definition cquad :: "nat \<Rightarrow> (nat \<Rightarrow> nat \<Rightarrow> complex) \<Rightarrow> (nat \<Rightarrow> complex) \<Rightarrow> complex" where
  "cquad d Q v = (\<Sum>i<d. \<Sum>j<d. cnj (v i) * Q i j * v j)"

lemma hermitian_psd_iff_cquad:
  "hermitian_psd d Q \<longleftrightarrow> (\<forall>i<d. \<forall>j<d. Q i j = cnj (Q j i)) \<and> (\<forall>v. 0 \<le> Re (cquad d Q v))"
  by (simp add: hermitian_psd_def cquad_def)

lemma hermitian_col_sum:
  assumes "\<forall>i<d. Q i k = cnj (Q k i)"
  shows "(\<Sum>i<d. cnj (v i) * Q i k) = cnj (\<Sum>j<d. Q k j * v j)"
  using assms by (simp add: cnj_sum mult.commute)

lemma cquad_add_unit:
  assumes "k < d" and herm: "\<forall>i<d. Q i k = cnj (Q k i)"
  shows "cquad d Q (\<lambda>i. v i + (if i = k then t else 0)) = cquad d Q v
    + cnj t * (\<Sum>j<d. Q k j * v j) + t * cnj (\<Sum>j<d. Q k j * v j) + cnj t * t * Q k k"
proof -
  have expand: "cnj (v i + (if i = k then t else 0)) * Q i j * (v j + (if j = k then t else 0))
     = cnj (v i) * Q i j * v j + (if i = k then cnj t * (Q i j * v j) else 0)
       + (if j = k then t * (cnj (v i) * Q i j) else 0)
       + (if i = k then if j = k then cnj t * t * Q i j else 0 else 0)" for i j
    by (auto simp: algebra_simps)
  have row: "(\<Sum>i<d. \<Sum>j<d. if i = k then cnj t * (Q i j * v j) else 0) = cnj t * (\<Sum>j<d. Q k j * v j)"
    using assms(1) by (subst sum.swap) (simp add: sum_distrib_left)
  have "(\<Sum>i<d. cnj (v i) * Q i k) = cnj (\<Sum>j<d. Q k j * v j)"
    using herm by (rule hermitian_col_sum)
  then have col: "(\<Sum>i<d. \<Sum>j<d. if j = k then t * (cnj (v i) * Q i j) else 0) = t * cnj (\<Sum>j<d. Q k j * v j)"
    using assms(1) by (simp add: sum_distrib_left[symmetric])
  have corner: "(\<Sum>i<d. \<Sum>j<d. if i = k then if j = k then cnj t * t * Q i j else 0 else 0)
      = cnj t * t * Q k k"
    using assms(1) by (simp add: sum.If_cases)
  show ?thesis
    unfolding cquad_def expand sum.distrib row col corner ..
qed

lemma hermitian_psd_diag:
  assumes "hermitian_psd d Q" "k < d"
  shows "Q k k = of_real (Re (Q k k))" "0 \<le> Re (Q k k)"
proof -
  have herm: "\<forall>i<d. Q i k = cnj (Q k i)" and "Q k k = cnj (Q k k)"
    using assms unfolding hermitian_psd_def by blast+
  then show "Q k k = of_real (Re (Q k k))" by (simp add: complex_eq_iff)
  have "cquad d Q (\<lambda>i. (\<lambda>_. 0) i + (if i = k then 1 else 0)) = Q k k"
    unfolding cquad_add_unit[OF assms(2) herm] by (simp add: cquad_def)
  moreover have "0 \<le> Re (cquad d Q (\<lambda>i. (\<lambda>_. 0) i + (if i = k then 1 else 0)))"
    using assms(1) unfolding hermitian_psd_iff_cquad by blast
  ultimately show "0 \<le> Re (Q k k)" by simp
qed

lemma hermitian_psd_row_bound:
  assumes psd: "hermitian_psd d Q" and "k < d"
  shows "(cmod (\<Sum>j<d. Q k j * v j))\<^sup>2 \<le> Re (Q k k) * Re (cquad d Q v)"
proof -
  define A where "A = (\<Sum>j<d. Q k j * v j)"
  define p where "p = Re (Q k k)"
  have herm: "\<forall>i<d. Q i k = cnj (Q k i)" using psd \<open>k < d\<close> unfolding hermitian_psd_def by blast
  have Qkk: "Q k k = of_real p" unfolding p_def by (rule hermitian_psd_diag(1)[OF assms])
  have "0 \<le> Re (cquad d Q v) - 2 * s * (cmod A)\<^sup>2 + s\<^sup>2 * p * (cmod A)\<^sup>2" for s
  proof -
    define t where "t = - of_real s * A"
    have "cnj t * A + t * cnj A + cnj t * t * Q k k
        = of_real (- 2 * s * (cmod A)\<^sup>2 + s\<^sup>2 * p * (cmod A)\<^sup>2)"
      unfolding of_real_add of_real_mult of_real_minus Qkk complex_norm_square
      by (simp add: t_def power2_eq_square algebra_simps)
    moreover have "0 \<le> Re (cquad d Q (\<lambda>i. v i + (if i = k then t else 0)))"
      using psd unfolding hermitian_psd_iff_cquad by blast
    ultimately show ?thesis
      unfolding cquad_add_unit[OF \<open>k < d\<close> herm] A_def[symmetric] by (simp add: add.assoc)
  qed
  moreover have "0 \<le> p" unfolding p_def by (rule hermitian_psd_diag(2)[OF assms])
  ultimately show ?thesis
    unfolding A_def p_def by (rule real_quadratic_nonneg_bound)
qed

lemma hermitian_psd_SucD:
  assumes "hermitian_psd (Suc d) Q"
  shows "hermitian_psd d Q"
proof -
  have "cquad d Q v = cquad (Suc d) Q (v(d := 0))" for v
    unfolding cquad_def by (simp add: sum.lessThan_Suc)
  then show ?thesis using assms unfolding hermitian_psd_iff_cquad by (metis less_SucI)
qed
lemma trans_interchange_cut:
  "trans Y a2 b2 Y' \<Longrightarrow> Y = Seq S T \<Longrightarrow> closed_sort P (k, l) \<Longrightarrow> closed_sort Q (l, m)
    \<Longrightarrow> trans P a1 c P' \<Longrightarrow> trans Q c b1 Q'
    \<Longrightarrow> \<exists>S' T'. Y' = Seq S' T' \<and>
          trans (Seq (Ten P S) (Ten Q T)) (a1 @ a2) (b1 @ b2) (Seq (Ten P' S') (Ten Q' T'))"
proof (induction arbitrary: S T P Q a1 c b1 P' Q' rule: trans.induct)
  case (tRefl Y n v)
  then obtain u where "closed_sort S (n, u)" "closed_sort T (u, v)"
    by (auto simp: closed_sort_Seq_iff)
  with tRefl.prems show ?case by (blast intro: tCut tTen trans.tRefl)
next
  case (tIotaL Y a0 b0 Z a2 b2 Y')
  from tIotaL.prems have "trans P (replicate k None) (replicate l None) P"
    "trans Q (replicate l None) (replicate m None) Q" by (blast intro: trans.tRefl)+
  with tIotaL.IH(1) tIotaL.prems obtain S1 T1 where Z_eq: "Z = Seq S1 T1" and
    first: "trans (Seq (Ten P S) (Ten Q T)) (replicate k None @ a0) (replicate m None @ b0)
      (Seq (Ten P S1) (Ten Q T1))" by blast
  from tIotaL.IH(2)[OF Z_eq] tIotaL.prems obtain S' T' where "Y' = Seq S' T'"
    "trans (Seq (Ten P S1) (Ten Q T1)) (a1 @ a2) (b1 @ b2) (Seq (Ten P' S') (Ten Q' T'))" by blast
  with first tIotaL.hyps show ?case by (auto intro: trans.tIotaL)
next
  case (tIotaR Y a2 b2 Z a0 b0 Y')
  from tIotaR.IH(1) tIotaR.prems obtain S1 T1 where Z_eq: "Z = Seq S1 T1" and
    first: "trans (Seq (Ten P S) (Ten Q T)) (a1 @ a2) (b1 @ b2) (Seq (Ten P' S1) (Ten Q' T1))" by blast
  from tIotaR.prems have P': "closed_sort P' (k, l)" and Q': "closed_sort Q' (l, m)"
    using trans_closed_sort by blast+
  then have "trans P' (replicate k None) (replicate l None) P'"
    "trans Q' (replicate l None) (replicate m None) Q'" by (blast intro: trans.tRefl)+
  with tIotaR.IH(2)[OF Z_eq P' Q'] obtain S' T' where "Y' = Seq S' T'"
    "trans (Seq (Ten P' S1) (Ten Q' T1)) (replicate k None @ a0) (replicate m None @ b0)
      (Seq (Ten P' S') (Ten Q' T'))" by blast
  with first tIotaR.hyps show ?case by (auto intro: trans.tIotaR)
next
  case (tCut S0 a2 d S' T0 b2 T')
  then have "trans (Ten P S) (a1 @ a2) (c @ d) (Ten P' S')" "trans (Ten Q T) (c @ d) (b1 @ b2) (Ten Q' T')"
    by (simp_all add: tTen)
  then show ?case by (blast intro: trans.tCut)
qed simp_all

————————

TASK PROMPT
Search the listing above for lines containing "ultimately", and copy them.

EXPECTED OUTPUT
  ultimately show "0 \<le> Re (Q k k)" by simp
    ultimately show ?thesis
  ultimately show ?thesis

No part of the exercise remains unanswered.